I also look at the current rush to GLP drugs, as the magic (and costly) solution to the overweight/obesity epidemic, as another potential misallocation of limited resources for healthcare. In spite of the well-founded arguments that point to the cost-effectiveness of these drugs for solving multiple metabolic problems, the issue is that we are once again treating the symptoms rather the cause. The special interests that benefit from the obese and overweight populations are powerful agents that prevent the sorts of fundamental changes that would (could) solve the problems at their root cause; i.e., bad diets made up of poor quality ultra-processed food in unhealthy formulations and quantities, coupled with inactive lifestyles. Peter Attia refers frequently to his notion that what we need is Medicine 3.0 with a focus on prevention vs. treatment. Unfortunately we are locked into a system that has zero incentives on the prevention end and seemingly endless ones on the treatment end.

Some years back, I remember reading a MedPage Today post by Vinay Prasad that, upon hearing of his death, honored one of his professional mentors, Dr. Eli Estey, MD,. In the post (and in the internally linked interview with Dr. Estey), he describes how drug development and treatment protocols originated not from the private special interest sectors, but rather from the doctors and researchers in the clinic. This passage from his tribute highlights how much things have changed (A link to the full post is below):

"Cancer medicine was different then. The majority of cancer research was funded by public sources and philanthropy, and the role of the biopharmaceutical industry was virtually absent. Research moved fast and chaotically. A clinical observation could rapidly transform into an investigational protocol, and paperwork and bureaucracy had not yet metastasized and sapped the strength of clinical researchers."
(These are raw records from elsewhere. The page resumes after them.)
(* In the isotropic setting below, let $F\in\mathrm{GL}^+(3)$ be fixed and $t\mapsto C_p(t)\in\mathrm{PSym}(3)$ be differentiable with $$\frac{d}{dt}[C_p]=\lambda(t)\,\frac{\mathrm{dev}_3\widetilde\Sigma}{\varphi}\,C_p,\qquad \lambda(t)\ge0,\quad \varphi:=\sqrt{\mathrm{tr}[(\mathrm{dev}_3\widetilde\Sigma)^2]}>0,$$ where $\widetilde\Sigma$ and $\varphi$ are evaluated at $(C,C_p(t))$. Then $\frac{d}{dt}[C_p]$ is symmetric, $\det C_p(t)$ is constant in $t$, and $$\frac{d}{dt}\widetilde W\big(CC_p^{-1}(t)\big)=-\frac{\lambda(t)}{2}\,\varphi=-\frac{\lambda(t)}{2}\,\big\|\mathrm{dev}_3\big(U_p^{-1}\widetilde\Sigma\,U_p\big)\big\|\le0,\qquad U_p=\sqrt{C_p(t)}.$$
   Context: $W$ objective and isotropic, written $W(F_e)=\Psi(I_1(C_e),I_2(C_e),I_3(C_e))$ with $\Psi\in C^1$; $\widetilde W(X)=\Psi(\mathrm{tr}X,\mathrm{tr}(\mathrm{Cof}X),\det X)$. $C=F^TF$. $\langle X,Y\rangle=\mathrm{tr}(XY^T)$, $\|\cdot\|$ Frobenius norm, $D$ gradient, $\mathrm{dev}_3X=X-\frac13\mathrm{tr}(X)\mathbb{1}$. $\widetilde\Sigma:=2\,C\,D\widetilde W(CC_p^{-1})\,C_p^{-1}$. *)

theory Defs
  imports "HOL-Analysis.Analysis"
begin

type_synonym mat3 = "real^3^3"

text \<open>Cofactor matrix: entry (i,j) is the determinant of X with row i replaced by
  the j-th unit row, i.e. (-1)^(i+j) times the (i,j) minor.\<close>
definition Cof :: "mat3 \<Rightarrow> mat3" where
  "Cof X = (\<chi> i j. det (\<chi> k l. if k = i then (if l = j then 1 else 0) else X $ k $ l))"

definition PSym :: "mat3 set" where
  "PSym = {P. transpose P = P \<and> (\<forall>x::real^3. x \<noteq> 0 \<longrightarrow> x \<bullet> (P *v x) > 0)}"

definition msqrt :: "mat3 \<Rightarrow> mat3" where
  "msqrt P = (THE U. U \<in> PSym \<and> U ** U = P)"

definition dev3 :: "mat3 \<Rightarrow> mat3" where
  "dev3 X = X - ((1/3) * trace X) *\<^sub>R mat 1"

definition Wt :: "(real^3 \<Rightarrow> real) \<Rightarrow> mat3 \<Rightarrow> real" where
  "Wt \<Psi> X = \<Psi> (vector [trace X, trace (Cof X), det X])"

text \<open>Gradient D f(X) w.r.t. the Frobenius inner product <X,Y> = tr(X Y^T)
  (which is the inner product of type real^3^3).\<close>
definition Dgrad :: "(mat3 \<Rightarrow> real) \<Rightarrow> mat3 \<Rightarrow> mat3" where
  "Dgrad f X = (THE G. (f has_derivative (\<lambda>H. G \<bullet> H)) (at X))"

definition Sigt :: "(real^3 \<Rightarrow> real) \<Rightarrow> mat3 \<Rightarrow> mat3 \<Rightarrow> mat3" where
  "Sigt \<Psi> C Cp = 2 *\<^sub>R (C ** Dgrad (Wt \<Psi>) (C ** matrix_inv Cp) ** matrix_inv Cp)"

definition phi :: "(real^3 \<Rightarrow> real) \<Rightarrow> mat3 \<Rightarrow> mat3 \<Rightarrow> real" where
  "phi \<Psi> C Cp = sqrt (trace (dev3 (Sigt \<Psi> C Cp) ** dev3 (Sigt \<Psi> C Cp)))"

end

theory Submission
  imports Defs
begin

(* Write C = F^T F, X = C Cp^-1, G = D Wt(X) and Sigma = 2 C G Cp^-1. The flow rule is
   Cp' = (lam/phi) dev(Sigma) Cp. Isotropy makes K = C G symmetric (G is a combination of
   1, tr(X) 1 - X^T and Cof X), and then:
   - dev(Sigma) Cp = 2 K - (tr Sigma / 3) Cp is symmetric, so Cp' is symmetric;
   - Cof Cp : Cp' = det Cp tr(dev Sigma) (lam/phi) = 0 (Jacobi), so det Cp is constant;
   - d/dt Wt(C Cp^-1) = G : (- C Cp^-1 Cp' Cp^-1) = -(lam/phi) tr(dev(Sigma)^2) / 2
     = -lam phi / 2, and phi = |dev(U^-1 Sigma U)| with U = sqrt Cp because U^-1 Sigma U is a
     symmetric tensor similar to Sigma. *)

lemma matrix_mult_diff_left: "(A::real^'n^'n) ** (B - C) = A ** B - A ** C"
  by (simp add: matrix_matrix_mult_def vec_eq_iff sum_subtractf right_diff_distrib)

lemma matrix_mult_diff_right: "((A::real^'n^'n) - B) ** C = A ** C - B ** C"
  by (simp add: matrix_matrix_mult_def vec_eq_iff sum_subtractf left_diff_distrib)

lemma matrix_mult_add_right: "((A::real^'n^'n) + B) ** C = A ** C + B ** C"
  by (simp add: matrix_matrix_mult_def vec_eq_iff sum.distrib distrib_right)

lemma matrix_mult_scaleR_left: "(c *\<^sub>R (A::real^'n^'n)) ** B = c *\<^sub>R (A ** B)"
  by (simp add: matrix_matrix_mult_def vec_eq_iff sum_distrib_left mult.assoc)

lemma matrix_mult_scaleR_right: "(A::real^'n^'n) ** (c *\<^sub>R B) = c *\<^sub>R (A ** B)"
  by (simp add: matrix_matrix_mult_def vec_eq_iff sum_distrib_left mult.left_commute)

lemma matrix_mult_minus_right: "(A::real^'n^'n) ** (- B) = - (A ** B)"
  by (simp add: matrix_matrix_mult_def vec_eq_iff sum_negf)

lemma transpose_add: "transpose ((A::real^'n^'n) + B) = transpose A + transpose B"
  by (simp add: vec_eq_iff transpose_def)

lemma transpose_diff: "transpose ((A::real^'n^'n) - B) = transpose A - transpose B"
  by (simp add: vec_eq_iff transpose_def)

lemma trace_scaleR: "trace (c *\<^sub>R (A::real^'n^'n)) = c * trace A"
  by (simp add: trace_def sum_distrib_left)

lemma trace_transpose: "trace (transpose (A::real^'n^'n)) = trace A"
  by (simp add: trace_def transpose_def)

lemma inner_matrix_trace: "(A::real^'n^'n) \<bullet> B = trace (A ** transpose B)"
  by (simp add: inner_vec_def trace_def matrix_matrix_mult_def transpose_def)

lemma bounded_bilinear_matrix_mult: "bounded_bilinear (\<lambda>(A::real^'n^'n) B. A ** B)"
proof -
  have "bilinear (\<lambda>(A::real^'n^'n) B. A ** B)"
    unfolding bilinear_def linear_iff
    by (simp add: matrix_add_ldistrib matrix_mult_add_right matrix_mult_scaleR_left
        matrix_mult_scaleR_right)
  thus ?thesis using bilinear_conv_bounded_bilinear by blast
qed

lemma matrix_inv_right: "invertible (A::real^'n^'n) \<Longrightarrow> A ** matrix_inv A = mat 1"
  unfolding invertible_def matrix_inv_def by (rule someI2_ex) auto

lemma matrix_inv_left: "invertible (A::real^'n^'n) \<Longrightarrow> matrix_inv A ** A = mat 1"
  unfolding invertible_def matrix_inv_def by (rule someI2_ex) auto

lemma matrix_inv_unique:
  assumes "(A::real^'n^'n) ** B = mat 1" shows "matrix_inv A = B"
proof -
  have inv: "invertible A" using assms invertible_right_inverse by blast
  have "matrix_inv A = matrix_inv A ** (A ** B)" using assms by simp
  also have "\<dots> = B" using matrix_inv_left[OF inv] by (simp add: matrix_mul_assoc)
  finally show ?thesis .
qed

lemma invertible_matrix_inv: "invertible (A::real^'n^'n) \<Longrightarrow> invertible (matrix_inv A)"
  using matrix_inv_left invertible_right_inverse by blast

lemma matrix_inv_inv: "invertible (A::real^'n^'n) \<Longrightarrow> matrix_inv (matrix_inv A) = A"
  by (rule matrix_inv_unique[OF matrix_inv_left])

lemma matrix_inv_transpose:
  "invertible (A::real^'n^'n) \<Longrightarrow> matrix_inv (transpose A) = transpose (matrix_inv A)"
  by (rule matrix_inv_unique) (metis matrix_inv_left matrix_transpose_mul transpose_mat)

lemma matrix_inv_mult:
  assumes "invertible (A::real^'n^'n)" and "invertible (B::real^'n^'n)"
  shows "matrix_inv (A ** B) = matrix_inv B ** matrix_inv A"
proof (rule matrix_inv_unique)
  have "A ** B ** (matrix_inv B ** matrix_inv A) = A ** (B ** matrix_inv B) ** matrix_inv A"
    by (simp add: matrix_mul_assoc)
  thus "A ** B ** (matrix_inv B ** matrix_inv A) = mat 1"
    using matrix_inv_right[OF assms(1)] matrix_inv_right[OF assms(2)] by simp
qed

lemma det_matrix_inv: "invertible (A::real^'n^'n) \<Longrightarrow> det (matrix_inv A) = 1 / det A"
  by (metis det_I det_mul invertible_det_nz matrix_inv_right nonzero_eq_divide_eq mult.commute)

lemma mult_inverse_cancel: "(A::real^'n^'n) ** B = mat 1 \<Longrightarrow> X ** A ** B = X"
  by (metis matrix_mul_assoc matrix_mul_rid)

lemma symmetric_inner_commute:
  "transpose (S::real^'n^'n) = S \<Longrightarrow> x \<bullet> (S *v y) = (S *v x) \<bullet> y"
  by (metis dot_lmul_matrix transpose_matrix_vector)

lemma trace_congruence_columns:
  "trace (transpose B ** A ** (B::real^'n^'n)) = (\<Sum>j\<in>UNIV. column j B \<bullet> (A *v column j B))"
  unfolding trace_def matrix_matrix_mult_def transpose_def column_def inner_vec_def
    matrix_vector_mult_def
  apply (simp add: sum_distrib_left sum_distrib_right mult.assoc mult.left_commute)
  apply (rule sum.cong[OF refl])
  apply (subst sum.swap)
  apply (simp add: mult_ac)
  done

lemma PSym_symmetric: "P \<in> PSym \<Longrightarrow> transpose P = P"
  by (simp add: PSym_def)

lemma PSym_positive: "P \<in> PSym \<Longrightarrow> x \<noteq> 0 \<Longrightarrow> x \<bullet> (P *v x) > 0"
  by (simp add: PSym_def)

lemma PSym_invertible: "P \<in> PSym \<Longrightarrow> invertible P"
proof -
  assume P: "P \<in> PSym"
  have "P *v x = 0 \<Longrightarrow> x = 0" for x using PSym_positive[OF P, of x] by auto
  hence "inj ((*v) P)"
    by (metis (no_types, lifting) injI matrix_vector_mult_diff_distrib right_minus_eq)
  thus ?thesis by (metis invertible_left_inverse matrix_left_invertible_injective)
qed

lemma PSym_matrix_inv: "P \<in> PSym \<Longrightarrow> matrix_inv P \<in> PSym"
proof -
  assume P: "P \<in> PSym"
  have inv: "invertible P" using PSym_invertible[OF P] .
  have "x \<bullet> (matrix_inv P *v x) > 0" if "x \<noteq> 0" for x
  proof -
    let ?y = "matrix_inv P *v x"
    have Py: "P *v ?y = x" using matrix_inv_right[OF inv] by (simp add: matrix_vector_mul_assoc)
    hence "?y \<noteq> 0" using that by auto
    hence "?y \<bullet> (P *v ?y) > 0" using PSym_positive[OF P] by blast
    thus ?thesis using Py by (simp add: inner_commute)
  qed
  moreover have "transpose (matrix_inv P) = matrix_inv P"
    using matrix_inv_transpose[OF inv] PSym_symmetric[OF P] by simp
  ultimately show ?thesis by (simp add: PSym_def)
qed

lemma PSym_trace_congruence_pos:
  assumes P: "P \<in> PSym" and B: "invertible (B::mat3)"
  shows "trace (transpose B ** P ** B) > 0"
proof -
  have "column j B \<noteq> 0" for j
  proof
    assume "column j B = 0"
    hence "B *v axis j 1 = 0" by (simp add: matrix_vector_mult_basis)
    thus False using inj_matrix_vector_mult[OF B]
      by (metis axis_eq_0_iff injD matrix_vector_mult_0_right zero_neq_one)
  qed
  thus ?thesis unfolding trace_congruence_columns by (simp add: sum_pos PSym_positive[OF P])
qed

lemma PSym_trace_congruence_nonneg:
  assumes P: "P \<in> PSym"
  shows "trace (transpose B ** P ** (B::mat3)) \<ge> 0"
    and "trace (transpose B ** P ** B) = 0 \<Longrightarrow> B = 0"
proof -
  have nonneg: "column j B \<bullet> (P *v column j B) \<ge> 0" for j
    using PSym_positive[OF P, of "column j B"] by (cases "column j B = 0") auto
  thus "trace (transpose B ** P ** B) \<ge> 0"
    unfolding trace_congruence_columns by (simp add: sum_nonneg)
  assume "trace (transpose B ** P ** B) = 0"
  hence "\<forall>j\<in>UNIV. column j B \<bullet> (P *v column j B) = 0"
    unfolding trace_congruence_columns by (subst (asm) sum_nonneg_eq_0_iff) (auto simp: nonneg)
  hence "column j B = 0" for j using PSym_positive[OF P, of "column j B"] by force
  thus "B = 0" by (simp add: vec_eq_iff column_def)
qed

lemma quadratic_nonpos_linear_coeff_zero:
  fixes a b :: real
  assumes nonpos: "\<forall>t. a * t + b * t\<^sup>2 \<le> 0"
  shows "a = 0"
proof -
  define e where "e = 1 / (2 * (\<bar>b\<bar> + 1))"
  have e: "e > 0" and be: "\<bar>b * e\<bar> < 1" unfolding e_def by (simp_all add: abs_mult field_simps)
  have "a * (a * e) + b * (a * e)\<^sup>2 \<le> 0" using nonpos by blast
  hence "a\<^sup>2 * (e * (1 + b * e)) \<le> 0" by (simp add: power2_eq_square algebra_simps)
  moreover have "e * (1 + b * e) > 0" using e be by simp
  ultimately show ?thesis by (metis mult_pos_pos not_le zero_less_power2)
qed

text \<open>Rayleigh quotient: a maximiser of the quadratic form of a symmetric matrix on the
  unit sphere of an invariant subspace is an eigenvector.\<close>
lemma symmetric_eigenvector_in_invariant_subspace:
  fixes S :: "real^'n^'n"
  assumes sym: "transpose S = S" and sub: "subspace V" and inv: "\<forall>v\<in>V. S *v v \<in> V"
    and vV: "v \<in> V" and v0: "v \<noteq> 0"
  shows "\<exists>x\<in>V. norm x = 1 \<and> S *v x = (x \<bullet> (S *v x)) *\<^sub>R x"
proof -
  let ?K = "sphere 0 1 \<inter> V"
  let ?q = "\<lambda>x. x \<bullet> (S *v x)"
  have "v /\<^sub>R norm v \<in> ?K" using vV v0 sub by (simp add: subspace_scale)
  moreover have "compact ?K" by (simp add: closed_subspace compact_Int_closed sub)
  moreover have "continuous_on ?K ?q"
    by (intro continuous_intros linear_continuous_on matrix_vector_mul_bounded_linear)
  ultimately obtain x0 where x0K: "x0 \<in> ?K" and x0max: "\<forall>y\<in>?K. ?q y \<le> ?q x0"
    using continuous_attains_sup[of ?K ?q] by blast
  define \<mu> where "\<mu> = ?q x0"
  have x0V: "x0 \<in> V" and x0x0: "x0 \<bullet> x0 = 1" using x0K by (auto simp: dot_square_norm)
  have bound: "?q z \<le> \<mu> * (z \<bullet> z)" if zV: "z \<in> V" for z
  proof (cases "z = 0")
    case False
    have "z /\<^sub>R norm z \<in> ?K" using zV False sub by (simp add: subspace_scale)
    hence "?q (z /\<^sub>R norm z) \<le> \<mu>" using x0max \<mu>_def by blast
    hence "?q z / (norm z)\<^sup>2 \<le> \<mu>"
      by (simp add: matrix_vector_mult_scaleR power2_eq_square field_simps)
    thus ?thesis using False by (simp add: power2_norm_eq_inner field_simps)
  qed simp
  have orth: "y \<bullet> (S *v x0 - \<mu> *\<^sub>R x0) = 0" if yV: "y \<in> V" for y
  proof -
    have sym_xy: "x0 \<bullet> (S *v y) = y \<bullet> (S *v x0)"
      using symmetric_inner_commute[OF sym, of x0 y] by (simp add: inner_commute)
    have "(2 * (y \<bullet> (S *v x0) - \<mu> * (y \<bullet> x0))) * t + (?q y - \<mu> * (y \<bullet> y)) * t\<^sup>2 \<le> 0" for t
    proof -
      have "x0 + t *\<^sub>R y \<in> V" using sub x0V yV by (simp add: subspace_add subspace_scale)
      from bound[OF this] show ?thesis using x0x0
        by (simp add: \<mu>_def matrix_vector_right_distrib matrix_vector_mult_scaleR inner_add_left
            inner_add_right inner_commute sym_xy power2_eq_square algebra_simps)
    qed
    hence "2 * (y \<bullet> (S *v x0) - \<mu> * (y \<bullet> x0)) = 0"
      by (intro quadratic_nonpos_linear_coeff_zero) blast
    thus ?thesis by (simp add: inner_diff_right)
  qed
  have "S *v x0 - \<mu> *\<^sub>R x0 \<in> V" using sub inv x0V by (simp add: subspace_diff subspace_scale)
  hence "S *v x0 = \<mu> *\<^sub>R x0" using orth by (metis inner_eq_zero_iff right_minus_eq)
  thus ?thesis using x0V x0x0 \<mu>_def by (auto simp: norm_eq_sqrt_inner)
qed
text \<open>
  Let \<open>\<Phi>(x)\<close> be the infimum of \<open>1/2 \<parallel>w\<parallel>\<^sup>2 + \<gamma> \<parallel>Tx + w\<parallel>\<^sub>1\<close> over \<open>w \<in> ker T\<^sup>*\<close>;
  it is convex as the marginal of a jointly convex function, and real-valued, hence continuous.
  Since \<open>range T \<bottom> ker T\<^sup>*\<close>, every \<open>u = Tx + w\<close> satisfies
  \<open>\<parallel>Tz - u\<parallel>\<^sup>2 = \<parallel>z - x\<parallel>\<^sub>T\<^sup>2 + \<parallel>w\<parallel>\<^sup>2\<close>.  Soft shrinkage \<open>s = S\<^sub>\<gamma>(Tz)\<close> minimises the
  1-strongly convex function \<open>u \<mapsto> 1/2 \<parallel>Tz - u\<parallel>\<^sup>2 + \<gamma> \<parallel>u\<parallel>\<^sub>1\<close>, and it splits as
  \<open>s = Tp + w\<^sub>s\<close> with \<open>p = T\<^sup>\<dagger>s\<close> and \<open>w\<^sub>s \<in> ker T\<^sup>*\<close>.  Reading the strong convexity
  inequality through this orthogonal splitting gives
  \<open>1/2 \<parallel>z - p\<parallel>\<^sub>T\<^sup>2 + \<Phi>(p) + 1/2 \<parallel>x - p\<parallel>\<^sub>T\<^sup>2 \<le> 1/2 \<parallel>z - x\<parallel>\<^sub>T\<^sup>2 + \<Phi>(x)\<close>,
  so \<open>p\<close> is the unique minimiser.
\<close>

lemma matrix_inv_right:
  fixes A :: "'a::semiring_1^'n^'n"
  assumes "invertible A"
  shows "A ** matrix_inv A = mat 1"
  using assms unfolding invertible_def matrix_inv_def by (rule someI2_ex) blast

lemma inner_matrix_vector_mult_transpose:
  fixes T :: "real^'n^'l"
  shows "(T *v v) \<bullet> w = v \<bullet> (transpose T *v w)"
  by (metis dot_lmul_matrix vector_transpose_matrix)

lemma full_rank_matrix_vector_eq_0_iff:
  fixes T :: "real^'n^'l"
  assumes "rank T = CARD('n)"
  shows "T *v v = 0 \<longleftrightarrow> v = 0"
  using assms matrix_nonfull_linear_equations_eq by auto

lemma invertible_transpose_mult_self:
  fixes T :: "real^'n^'l"
  assumes "rank T = CARD('n)"
  shows "invertible (transpose T ** T)"
proof -
  have "v = 0" if "(transpose T ** T) *v v = 0" for v
  proof -
    have "(T *v v) \<bullet> (T *v v) = 0"
      using that by (simp add: inner_matrix_vector_mult_transpose matrix_vector_mul_assoc)
    then show "v = 0"
      using assms by (simp add: full_rank_matrix_vector_eq_0_iff)
  qed
  then show ?thesis
    by (simp add: invertible_left_inverse matrix_left_invertible_ker)
qed

lemma transpose_mult_pinv_residual:
  fixes T :: "real^'n^'l"
  assumes "rank T = CARD('n)"
  shows "transpose T *v (u - T *v (pinv T *v u)) = 0"
proof -
  let ?G = "transpose T ** T"
  have G_inv: "?G *v (matrix_inv ?G *v v) = v" for v
    by (simp add: matrix_vector_mul_assoc matrix_inv_right invertible_transpose_mult_self assms)
  have "transpose T *v (T *v (pinv T *v u)) = ?G *v (matrix_inv ?G *v (transpose T *v u))"
    unfolding pinv_def by (simp only: matrix_vector_mul_assoc matrix_mul_assoc)
  also have "\<dots> = transpose T *v u"
    by (rule G_inv)
  finally show ?thesis
    by (simp add: matrix_vector_mult_diff_distrib)
qed

lemma norm_matrix_vector_diff_kernel_transpose:
  fixes T :: "real^'n^'l"
  assumes "transpose T *v w = 0"
  shows "(norm (T *v v - w))\<^sup>2 = (norm (T *v v))\<^sup>2 + (norm w)\<^sup>2"
proof -
  have "orthogonal (T *v v) w"
    using assms by (simp add: orthogonal_def inner_matrix_vector_mult_transpose)
  then show ?thesis
    using norm_add_Pythagorean[of "T *v v" "- w"] by (simp add: orthogonal_clauses)
qed

lemma power2_norm_vec: "(norm (v :: real^'l))\<^sup>2 = (\<Sum>j\<in>UNIV. (v $ j)\<^sup>2)"
  unfolding power2_norm_eq_inner inner_vec_def by (simp add: power2_eq_square)

definition l1_norm :: "real^'l \<Rightarrow> real" where
  "l1_norm u = (\<Sum>j\<in>UNIV. \<bar>u $ j\<bar>)"

lemma l1_norm_nonneg: "0 \<le> l1_norm u"
  unfolding l1_norm_def by (simp add: sum_nonneg)

lemma convex_on_l1_norm: "convex_on UNIV l1_norm"
proof (rule convex_onI)
  fix t :: real and x y :: "real^'l"
  assume t: "0 < t" "t < 1"
  have "\<bar>(1 - t) * x$j + t * y$j\<bar> \<le> (1 - t) * \<bar>x$j\<bar> + t * \<bar>y$j\<bar>" for j
    using t abs_triangle_ineq[of "(1 - t) * x$j" "t * y$j"] by (simp add: abs_mult)
  then have "(\<Sum>j\<in>UNIV. \<bar>(1 - t) * x$j + t * y$j\<bar>) \<le> (\<Sum>j\<in>UNIV. (1 - t) * \<bar>x$j\<bar> + t * \<bar>y$j\<bar>)"
    by (rule sum_mono)
  then show "l1_norm ((1 - t) *\<^sub>R x + t *\<^sub>R y) \<le> (1 - t) * l1_norm x + t * l1_norm y"
    by (simp add: l1_norm_def sum.distrib sum_distrib_left)
qed simp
Now the drug/medical industry design the clinical trials and pay doctors directly to run them. (see ProPublica's Dollars for Docs and the newer, updated Open Payments for how much they pay them!) They even seem to more and more even write the research papers for clinical trials, with the docs relegated to little more than the role of proof-reading signatories.

Links:

What Happens When All the Great Doctors Are Gone? — In commemoration of the late Elihu (Eli) Estey, MD, by Vinay Prasad, MD, MPH, MedPage Today, Perspectives, October 13, 2021

medpagetoday.com/opinion/vi...

Dollars For Docs - How Industry Dollars Reached Your Doctors, ProPublica (Note: with the advent of the Open Payments US Gov. website the ProPublica data was last Updated October 17, 2019.)

projects.propublica.org/doc...

Open Payments - Learn about the financial relationships that drug and medical device companies have with healthcare providers

openpaymentsdata.cms.gov/

* * *

P/MB - In closing out this reply, Thanks for the commentary & I hope those steps have turned into walks, with the ultimate goal being runs. Stay strong, safe, and well. Ciao - Capt'n cujoe

Justfor_ profile image
Justfor_ in reply to cujoe

Dollars For Docs related.

I was told by a tour organizer that their best clients are the pharmaceutical companies sponsoring medical congresses. Their mandate is simple: "Pay anything docs and their spouses request. We cover for anything". I was naive enough to ask: " Do they pay for the wives also?". The answer was much illuminating: "Of course, but it doesn't amount much. Only the additional air ticket and the cost of organising a parallel program for accompanying persons. The room is already paid, single or double occupancy doesn't make any difference. In fact, the cost to the pharma company is less if the doc is with his wife". "How come this", I asked. "Do you know how much you have to pay for calling a hooker in a 5 star hotel?". I remained speechless!!!

cujoe profile image
cujoe in reply to Justfor_

The cost is thus . . . "Priceless !" 🤑

Ελπίζω όλα να είναι καλά με εσάς και την οικογένεια.